Am I sold on ELTP as a long term investment?  Uhm.....no, anything but.  After perusing their most recent 10K, for the long term I'll definitely take a pass.  With over 726 million shares outstanding, an accumulated deficit of over $140 million and having reported losses every year from 1990 forward, I don't see this as a buy and hold play.  That is my opinion, others of course can disagree.

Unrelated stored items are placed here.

lemma moves_within_orthonormal_frame:
  fixes W L :: "(real^'n) set"
  assumes G: "SO_subgroup G" and W: "subspace W" "transitive_along G W"
    and L: "subspace L" "transitive_along G L"
    and orthonormal: "e \<bullet> e = 1" "u \<bullet> u = 1" "n \<bullet> n = 1" "e \<bullet> u = 0" "e \<bullet> n = 0" "u \<bullet> n = 0"
    and frame: "e \<in> W" "u \<in> W" "e \<in> L" "r *\<^sub>R u + n \<in> L"
    and sphere: "a\<^sup>2 + b\<^sup>2 + z\<^sup>2 = 1"
  shows "moves_within G (span (W \<union> L)) (a *\<^sub>R e + b *\<^sub>R u + z *\<^sub>R n) e"
proof -
  define pt where "pt a b z = a *\<^sub>R e + b *\<^sub>R u + z *\<^sub>R n" for a b z
  have norm_pt: "norm (pt a b z) = norm (pt a' b' z')"
    if "a\<^sup>2 + b\<^sup>2 + z\<^sup>2 = a'\<^sup>2 + b'\<^sup>2 + z'\<^sup>2" for a b z a' b' z'
    using that by (simp add: pt_def norm_orthonormal_combination[OF orthonormal])
  have "W \<subseteq> span (W \<union> L)" "L \<subseteq> span (W \<union> L)"
    using span_superset[of "W \<union> L"] by blast+
  note W_move = transitive_along_moves_within[OF W(2) this(1)]
    and L_move = transitive_along_moves_within[OF L(2) this(2)]
  show ?thesis
    unfolding pt_def[symmetric]
  proof (rule sphere_invariant_under_two_axes[where r = r and
        P = "\<lambda>a b z. moves_within G (span (W \<union> L)) (pt a b z) e", OF _ _ _ sphere])
    show "moves_within G (span (W \<union> L)) (pt 1 0 0) e"
      using moves_within_refl[OF G] by (simp add: pt_def)
  next
    fix a b z a' b'
    assume moves: "moves_within G (span (W \<union> L)) (pt a' b' z) e"
      and circle: "a\<^sup>2 + b\<^sup>2 = a'\<^sup>2 + b'\<^sup>2"
    have "pt a b z - pt a' b' z = (a - a') *\<^sub>R e + (b - b') *\<^sub>R u"
      by (simp add: pt_def algebra_simps)
    then have "pt a b z - pt a' b' z \<in> W"
      using frame W(1) by (simp add: subspace_add subspace_scale)
    moreover have "norm (pt a b z) = norm (pt a' b' z)"
      using circle by (intro norm_pt) simp
    ultimately show "moves_within G (span (W \<union> L)) (pt a b z) e"
      using moves_within_trans[OF G W_move moves] by simp
  next
    fix a b z a' b' z'
    assume moves: "moves_within G (span (W \<union> L)) (pt a' b' z') e"
      and axis: "r * z - b = r * z' - b'" and sphere': "a\<^sup>2 + b\<^sup>2 + z\<^sup>2 = a'\<^sup>2 + b'\<^sup>2 + z'\<^sup>2"
    have b: "b = b' + r * (z - z')"
      using axis by (simp add: algebra_simps)
    have "pt a b z - pt a' b' z' = (a - a') *\<^sub>R e + (z - z') *\<^sub>R (r *\<^sub>R u + n)"
      unfolding b by (simp add: pt_def algebra_simps)
    then have "pt a b z - pt a' b' z' \<in> L"
      using frame L(1) by (simp add: subspace_add subspace_scale)
    with norm_pt[OF sphere'] show "moves_within G (span (W \<union> L)) (pt a b z) e"
      using moves_within_trans[OF G L_move moves] by simp
  qed
qed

But just because I'm not sold on ELTP as a long term investment vehicle, that doesn't mean it might not be suitable for a short term trade.  

Why?

I am certain there are a lot of other people in the world who use Google as a source for news in the same manner that I do.  And I'm equally certain that there are other people who have done searches which included "OTCBB".  I think its highly probable that this "news story" about Record Sales for Elite, that it could be popping up on a lot of news feeds.  Even though there are over 700 million shares outstanding, at about 35 cents per share an investment of just $5,000 equals about 14,200 shares.  

If the dotcom bubble taught us nothing else, it showed that fundamentals are ultimately meaningless. All that really matters is supply and demand.  And with this MicroCapDaily story I definitely see the potential for a significant level of buy side interest to pour into ELTP.

I'm viewing this as, potentially, a prime Greater Fool type play.  Despite what I view as incredibly poor fundamentals, I see the possibility for a lot of fools to come storming into this stock starting Monday, and I might just be one of them.  The thinking is that if the PPS starts climbing, that even Greater fools will show up and be willing to pay even more providing the possibility of a profitable short term trade.  

I will have to see how my day is shaping up tomorrow, I might just be jumping on this one, but not for the long term.  With a stock like ELTP I don't want to be in a situation where I'm unable to watch it for any extended period of time.  With a penny stock like this I'd be afraid of going to mow the lawns only to come back to find the PPS down big.